2 Do you have any friends in your country of birth, nationality or any other country where you have lived for more than 5 years?
Answered yes and I listed only 05 of my friends, the ones from university and work whom I still keep in contact. RE. details askes how I met them and how I keep in contact with them, I’ve put through Whatsapp as well.

3 Are you part of any social groups or do you have other cultural ties in your country of birth, nationality or any other country where you have lived for more than 5 years?
I was really not sure about what to respond as if I put no, the next was asking to give reasons why not. I answered yes, saying that I am a catholic and that I continue to go to Catholic church here in the UK. Do you think this is enough? I don’t really know what they mean with this question…

4 There is a question asking if me and my husband have children together. We have a son, born last year. It doesn’t ask for any other details about our child, should I include documents related to him like his passport, child benefit letter, letter from GP, classes I attend with him? 

5 How long has your partner lived in the UK? 
I’ve put the years since his birth 41 yrs and 4 months but he has lived abroad for about 9 years, should I leave it as he never lived abroad?
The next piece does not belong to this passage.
(* Assume the standing setting (A1)–(A7) described in the context. For sufficiently small $h>0$ and $i\in\{1,2,3,4\}$, let $\bar x_i(h)$ be the abscissa of the unique intersection point of the graph of $g_i$ with $\partial B(h)$, and let $B_h(x):=\sqrt{(a-h)^2-x^2}$. Let $\eta_i(h)\in[0,2\pi)$ be the polar angle of the point $(\bar x_i(h),B_h(\bar x_i(h)))$ if $i\in\{1,2\}$ and of the point $(\bar x_i(h),-B_h(\bar x_i(h)))$ if $i\in\{3,4\}$, and put $\gamma_1(h)=\eta_1(h)$, $\gamma_2(h)=\pi-\eta_2(h)$, $\gamma_3(h)=\eta_3(h)-\pi$, $\gamma_4(h)=2\pi-\eta_4(h)$. Then for each $i\in\{1,2,3,4\}$, $\gamma_i(h)\sim\tau_i h^{1/2}$ as $h\to0$, where $\tau_i=\frac{3}{2a}c_i$ and $c_i=\frac{2q_i\sqrt{2a}}{3\sqrt{4-q_i^2}}$.
   Context: Standing setting. $f$ is a Lebesgue density on $\mathbb{R}^2$ with compact support $E\subset\mathbb{R}^2$. $|\cdot|$ is the Euclidean norm, $\lambda^2$ Lebesgue measure, $A^\circ$ the interior, $\partial A$ the boundary, $\mathrm{diam}(A)=\sup\{|x-y|:x,y\in A\}$. For $0\le h<a$, $B(h)=\{z\in\mathbb{R}^2:|z|\le a-h\}$; $U(x,\varepsilon)=\{z:|z-(x,0)|<\varepsilon\}$; $Q_1,\dots,Q_4$ are the open quadrants, $Q_1=\{x>0,y>0\}$, numbered anticlockwise; $E_i:=E\cap Q_i$; $f_a(x)=\sqrt{a^2-x^2}/2$. Assumptions: (A1) $a>0$, $\mathrm{diam}(E)=2a$, $\inf\{x:(x,y)\in E\}=-a$, $\sup\{x:(x,y)\in E\}=a$. (A2) For each $\varepsilon>0$, $\mathrm{diam}(E\setminus(U(-a,\varepsilon)\cup U(a,\varepsilon)))<2a$. (A3) For each $\varepsilon>0$, $\lambda^2(E_i\cap U(a,\varepsilon))>0$ for $i\in\{1,4\}$, $\lambda^2(E_j\cap U(-a,\varepsilon))>0$ for $j\in\{2,3\}$. (A4) There are $\nu\in[0,a)$ and continuous $g_1:[\nu,a]\to[0,\infty)$, $g_4:[\nu,a]\to(-\infty,0]$, $g_1(a)=g_4(a)=0$, with $E^\circ\cap\{x>\nu\}=\{(x,y):\nu<x<a,\ g_4(x)<y<g_1(x)\}$, and continuous $g_2:[-a,-\nu]\to[0,\infty)$, $g_3:[-a,-\nu]\to(-\infty,0]$, $g_2(-a)=g_3(-a)=0$, with $E^\circ\cap\{x<-\nu\}=\{(x,y):-a<x<-\nu,\ g_3(x)<y<g_2(x)\}$. (A5) Constants $q_1,\dots,q_4\in(0,2)$ with $g_1/f_a\to q_1$, $-g_4/f_a\to q_4$ as $x\to a$ and $g_2/f_a\to q_2$, $-g_3/f_a\to q_3$ as $x\to-a$. (A6) For each $i$ and sufficiently small $h>0$: $E_i^\circ\cap\{|x|<\nu\}\subset B(h)$, and the graph of $g_i$ meets $\partial B(h)$ in exactly one point. (A7) For small $\varepsilon>0$, $f$ is continuous on $E\cap U(\pm a,\varepsilon)$, and $f((a,0))>0$, $f((-a,0))>0$. $g(h)\sim k(h)$ means $g(h)/k(h)\to1$. *)

theory Defs
  imports "HOL-Analysis.Analysis"
begin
There is no option to add any comments, just the years and months and I am not sure why it asked this question as he is a British citizen from birth. 

6 Do you have any other reasons for wanting to stay in the UK?
I answered yes.
Explain your other reasons and say what documents you will provide to support your claim: I answered: I have a child who is a UK citizen, he was born on 02 May 2017. I am his main carer as my husband works full time.
I am not 100% sure about this question as to me it is a bit obvious that if I am applying for a visa in this category (partner) and if now we have a child together that is a British Citizen, that is my main reason for wanting to stay. Should I answer no, or keep this answer as it is?

7 It doesn’t ask for proof of continuous residency in the UK for the last 5 years. Should I mention it in my cover letter and send documents related to this period?

8 I took another English exam at Trinity College level B1 grade 5, am I right to think I don't need to send the certificate? Only the SELT unique reference number included with the application is ok? 

9 If I want to change my surname to include my husband's surname after the ILR would it be a difficult thing to do?

Thanks in advance for any help with these doubts.

Gisele.


----------



## clever-octopus (May 17, 2015)

I'm not going to comment on the questions regarding your personal ties to your home country and the UK. Just answer the questions as best you can.

Yes you should provide the child's passport and GP letter

5 - Your answer is fine as-is

7 - Provide evidence of any absences from the UK more than 6 months. It is best if you can attach a schedule showing your absences from the UK over 5 years.

8 - You do need to provide the certificate

9 - Not very difficult, but you will have to apply for a new BRP if your name changes in your passport


----------



## Kbatra (Jan 19, 2019)

Hi Gisele
Did you manage to get an answer to your question number 3?
I am about to fill the form and submit, and stuck on the same query.
Thanks, Kanchan


----------